--- Exercise aim ---
The answer must be a single number: how many lines in the entries hold the string "that".

--- Given entries ---
(* Let $\mathbb Q$ be a probability measure on $(\Omega,\mathcal F)$ equivalent to $\mathbb P$, and let $(\mathcal B_n)_{n\in\mathbb N_0}$ be $\sigma$-subfields. Then $\mathcal B_n\to\mathcal B_0$ in the almost-sure sense under $\mathbb P$ if and only if $\mathcal B_n\to\mathcal B_0$ in the almost-sure sense under $\mathbb Q$.
   Context: Let $(\Omega,\mathcal F,\mathbb P)$ be a (not necessarily complete) probability space and $\mathcal N:=\{F\in\mathcal F:\mathbb P(F)=0\}$. A $\sigma$-subfield is a sub-$\sigma$-field $\mathcal A\subset\mathcal F$ with $\mathcal A=\sigma(\mathcal A\cup\mathcal N)$. For a probability measure $\mathbb R\sim\mathbb P$ and a $\sigma$-subfield $\mathcal A$, $\mathbb R_{\mathcal A}f:=\mathbb E^{\mathbb R}[f\mid\mathcal A]$. We say $\mathcal B_n\to\mathcal B_0$ in the almost-sure sense under $\mathbb R$ if for every $f\in L^1(\mathbb R)$, $\mathbb R$-a.s. $\mathbb R_{\mathcal B_n}f\to\mathbb R_{\mathcal B_0}f$ as $n\to\infty$. *)

theory Defs
  imports "HOL-Probability.Probability"
begin

text \<open>A sigma-subfield of the probability space M: a sub-sigma-algebra A of the sets of M
  (represented as a measure whose sets form the sub-sigma-algebra; its measure component is
  irrelevant for conditional expectations) with A = sigma(A \<union> N), N the M-null sets.\<close>
definition sigma_subfield :: "'a measure \<Rightarrow> 'a measure \<Rightarrow> bool" where
  "sigma_subfield M A \<longleftrightarrow> subalgebra M A \<and>
     sets A = sigma_sets (space M) (sets A \<union> null_sets M)"

definition as_converges :: "'a measure \<Rightarrow> (nat \<Rightarrow> 'a measure) \<Rightarrow> bool" where
  "as_converges R B \<longleftrightarrow>
     (\<forall>f::'a \<Rightarrow> real. integrable R f \<longrightarrow>
        (AE x in R. (\<lambda>n. real_cond_exp R (B n) f x) \<longlonglongrightarrow> real_cond_exp R (B 0) f x))"

end

theory Submission
  imports Defs
begin

text \<open>Let \<open>D\<close> be the density of \<open>Q\<close> with respect to \<open>P\<close>; equivalence of the measures makes
  \<open>D > 0\<close> \<open>P\<close>-a.e. The abstract Bayes formula
  \<open>E\<^sub>Q[f | \<B>] = E\<^sub>P[D f | \<B>] / E\<^sub>P[D | \<B>]\<close> holds a.e. for every sub-\<open>\<sigma>\<close>-algebra \<open>\<B>\<close>.
  If \<open>\<B>\<^sub>n \<rightarrow> \<B>\<^sub>0\<close> a.s. under \<open>P\<close>, numerator and denominator converge \<open>P\<close>-a.s., and the limit of
  the denominator is \<open>E\<^sub>P[D | \<B>\<^sub>0] > 0\<close>, so the quotients converge \<open>P\<close>-a.s., hence \<open>Q\<close>-a.s.
  The converse is the same argument with \<open>P\<close> and \<open>Q\<close> exchanged.\<close>

lemma prob_space_subalgebra_sigma_finite:
  assumes "prob_space M" "subalgebra M F"
  shows "sigma_finite_subalgebra M F"
proof -
  interpret prob_space M by fact
  have "finite_measure_subalgebra M F"
    unfolding finite_measure_subalgebra_def finite_measure_subalgebra_axioms_def
    using assms(2) finite_measure_axioms by simp
  then show ?thesis by (rule finite_measure_subalgebra_is_sigma_finite)
qed

lemma subalgebra_cong_sets:
  assumes "subalgebra M F" "sets N = sets M"
  shows "subalgebra N F"
  using assms sets_eq_imp_space_eq[OF assms(2)] unfolding subalgebra_def by simp

lemma equivalent_prob_space_density:
  assumes "prob_space P" "prob_space Q" and sets_eq: "sets Q = sets P"
    and "absolutely_continuous P Q" "absolutely_continuous Q P"
  obtains D where "D \<in> borel_measurable P" "\<And>x. 0 \<le> D x"
    "Q = density P (\<lambda>x. ennreal (D x))" "AE x in P. 0 < D x" "integrable P D"
proof -
  interpret P: prob_space P by fact
  interpret Q: prob_space Q by fact
  obtain D where D[measurable]: "D \<in> borel_measurable P"
    and D_RN: "AE x in P. RN_deriv P Q x = ennreal (D x)"
    and D_pos_Q: "AE x in Q. 0 < D x" and D_nonneg: "\<And>x. 0 \<le> D x"
    using P.real_RN_deriv[OF Q.finite_measure_axioms assms(4) sets_eq] by blast
  have Q_density: "Q = density P (\<lambda>x. ennreal (D x))"
    using P.density_RN_deriv[OF assms(4) sets_eq]
      density_cong[OF borel_measurable_RN_deriv _ D_RN] by simp
  have "AE x in P. 0 < D x"
    using absolutely_continuous_AE[OF sets_eq[symmetric] assms(5) D_pos_Q] .
  moreover have "integrable P D"
  proof -
    have "integrable (density P (\<lambda>x. ennreal (D x))) (\<lambda>x. 1::real) \<longleftrightarrow>
        integrable P (\<lambda>x. D x *\<^sub>R (1::real))"
      by (rule integrable_density) (auto simp: D_nonneg)
    then show ?thesis using Q.integrable_const[of "1::real"] unfolding Q_density[symmetric] by simp
  qed
  ultimately show thesis using that D D_nonneg Q_density by blast
qed

lemma real_cond_exp_density:
  assumes "prob_space P" "prob_space Q"
    and D[measurable]: "D \<in> borel_measurable P" and D_nonneg: "\<And>x. 0 \<le> D x"
    and Q_density: "Q = density P (\<lambda>x. ennreal (D x))"
    and D_pos: "AE x in P. 0 < D x"
    and sub: "subalgebra P F"
    and f_int: "integrable Q f"
  shows "AE x in P. real_cond_exp Q F f x =
     real_cond_exp P F (\<lambda>x. D x * f x) x / real_cond_exp P F D x"
proof -
  have sets_eq: "sets Q = sets P" using Q_density by simp
  interpret P: sigma_finite_subalgebra P F
    using prob_space_subalgebra_sigma_finite[OF assms(1) sub] .
  interpret Q: sigma_finite_subalgebra Q F
    using prob_space_subalgebra_sigma_finite[OF assms(2) subalgebra_cong_sets[OF sub sets_eq]] .
  have integrable_Q_iff: "integrable Q g \<longleftrightarrow> integrable P (\<lambda>x. D x * g x)"
    and integral_Q: "integral\<^sup>L Q g = integral\<^sup>L P (\<lambda>x. D x * g x)"
    if "g \<in> borel_measurable P" for g :: "'a \<Rightarrow> real"
    using integrable_density[of g P D] integral_density[of g P D] D_nonneg Q_density that
    by (simp_all add: AE_I2)
  define h where "h = real_cond_exp Q F f"
  have h_meas_F[measurable]: "h \<in> borel_measurable F" unfolding h_def by simp
  have h_meas[measurable]: "h \<in> borel_measurable P" using measurable_from_subalg[OF sub h_meas_F] .
  have f_meas[measurable]: "f \<in> borel_measurable P"
    using f_int sets_eq measurable_cong_sets by blast
  have hD_int: "integrable P (\<lambda>x. h x * D x)"
    using integrable_Q_iff[OF h_meas] Q.real_cond_exp_int(1)[OF f_int]
    by (simp add: h_def mult.commute)
  have Df_int: "integrable P (\<lambda>x. D x * f x)" using integrable_Q_iff[OF f_meas] f_int by simp
  have "integrable Q (\<lambda>_. 1::real)"
    using prob_space.axioms(1)[OF assms(2)] by (rule finite_measure.integrable_const)
  then have D_int: "integrable P D" using integrable_Q_iff[of "\<lambda>_. 1"] by simp
  have pull_out: "AE x in P. real_cond_exp P F (\<lambda>x. h x * D x) x = h x * real_cond_exp P F D x"
    by (rule P.real_cond_exp_mult) (use hD_int in auto)
  have "AE x in P. real_cond_exp P F (\<lambda>x. h x * D x) x = real_cond_exp P F (\<lambda>x. D x * f x) x"
  proof (rule P.real_cond_exp_charact)
    fix A assume A: "A \<in> sets F"
    then have [measurable]: "A \<in> sets P" using sub unfolding subalgebra_def by auto
    have "(\<integral>x\<in>A. h x * D x \<partial>P) = (\<integral>x. D x * (indicator A x * h x) \<partial>P)"
      unfolding set_lebesgue_integral_def by (intro Bochner_Integration.integral_cong) auto
    also have "\<dots> = (\<integral>x. indicator A x * h x \<partial>Q)" by (rule integral_Q[symmetric]) simp
    also have "\<dots> = (\<integral>x. indicator A x * f x \<partial>Q)"
      using Q.real_cond_exp_intA[OF f_int A] unfolding h_def set_lebesgue_integral_def by simp
    also have "\<dots> = (\<integral>x. D x * (indicator A x * f x) \<partial>P)" by (rule integral_Q) simp
    also have "\<dots> = (\<integral>x\<in>A. D x * f x \<partial>P)"
      unfolding set_lebesgue_integral_def by (intro Bochner_Integration.integral_cong) auto
    also have "\<dots> = (\<integral>x\<in>A. real_cond_exp P F (\<lambda>x. D x * f x) x \<partial>P)"
      using P.real_cond_exp_intA[OF Df_int A] .
    finally show "(\<integral>x\<in>A. h x * D x \<partial>P) = (\<integral>x\<in>A. real_cond_exp P F (\<lambda>x. D x * f x) x \<partial>P)" .
  qed (use hD_int P.real_cond_exp_int(1)[OF Df_int] in auto)
  moreover have "AE x in P. real_cond_exp P F D x > 0"
    by (rule P.real_cond_exp_gr_c[OF D_int D_pos])
  ultimately show ?thesis using pull_out unfolding h_def
    by eventually_elim (auto simp: field_simps)
qed

lemma as_converges_equivalent_measure:
  assumes "prob_space P" "prob_space Q" and sets_eq: "sets Q = sets P"
    and "absolutely_continuous P Q" "absolutely_continuous Q P"
    and sub: "\<And>n. subalgebra P (B n)"
    and conv: "as_converges P B"
  shows "as_converges Q B"
  unfolding as_converges_def
proof (intro allI impI)
  fix f :: "'a \<Rightarrow> real" assume f_int: "integrable Q f"
  obtain D where D[measurable]: "D \<in> borel_measurable P" and D_nonneg: "\<And>x. 0 \<le> D x"
    and Q_density: "Q = density P (\<lambda>x. ennreal (D x))"
    and D_pos: "AE x in P. 0 < D x" and D_int: "integrable P D"
    using equivalent_prob_space_density[OF assms(1-5)] by blast
  have f_meas[measurable]: "f \<in> borel_measurable P"
    using f_int sets_eq measurable_cong_sets by blast
  have Df_int: "integrable P (\<lambda>x. D x * f x)"
    using integrable_density[of f P D] D_nonneg Q_density f_int by (simp add: AE_I2)
  have num: "AE x in P. (\<lambda>n. real_cond_exp P (B n) (\<lambda>x. D x * f x) x)
      \<longlonglongrightarrow> real_cond_exp P (B 0) (\<lambda>x. D x * f x) x"
    and den: "AE x in P. (\<lambda>n. real_cond_exp P (B n) D x) \<longlonglongrightarrow> real_cond_exp P (B 0) D x"
    using conv Df_int D_int unfolding as_converges_def by blast+
  have bayes: "AE x in P. \<forall>n. real_cond_exp Q (B n) f x =
      real_cond_exp P (B n) (\<lambda>x. D x * f x) x / real_cond_exp P (B n) D x"
    unfolding AE_all_countable
    using real_cond_exp_density[OF assms(1,2) D D_nonneg Q_density D_pos sub f_int] by blast
  have den_limit_pos: "AE x in P. real_cond_exp P (B 0) D x > 0"
    using sigma_finite_subalgebra.real_cond_exp_gr_c[OF _ D_int D_pos]
      prob_space_subalgebra_sigma_finite[OF assms(1) sub] by blast
  have "AE x in P. (\<lambda>n. real_cond_exp Q (B n) f x) \<longlonglongrightarrow> real_cond_exp Q (B 0) f x"
    using num den bayes den_limit_pos by eventually_elim (simp add: tendsto_divide)
  then show "AE x in Q. (\<lambda>n. real_cond_exp Q (B n) f x) \<longlonglongrightarrow> real_cond_exp Q (B 0) f x"
    using absolutely_continuous_AE[OF sets_eq assms(4)] by blast
qed

theorem proposition4p6:
  fixes P Q :: "'a measure" and B :: "nat \<Rightarrow> 'a measure"
  assumes "prob_space P" and "prob_space Q"
    and "sets Q = sets P"
    and "absolutely_continuous P Q" and "absolutely_continuous Q P"
    and "\<And>n. sigma_subfield P (B n)"
  shows "as_converges P B \<longleftrightarrow> as_converges Q B"
proof -
  have sub_P: "subalgebra P (B n)" for n
    using assms(6)[of n] unfolding sigma_subfield_def by blast
  have sub_Q: "subalgebra Q (B n)" for n
    using subalgebra_cong_sets[OF sub_P assms(3)] .
  show ?thesis
    using as_converges_equivalent_measure[of P Q B, OF assms(1-5) sub_P]
      as_converges_equivalent_measure[of Q P B, OF assms(2,1) assms(3)[symmetric] assms(5,4) sub_Q]
    by blast
qed

end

--- Output ---
2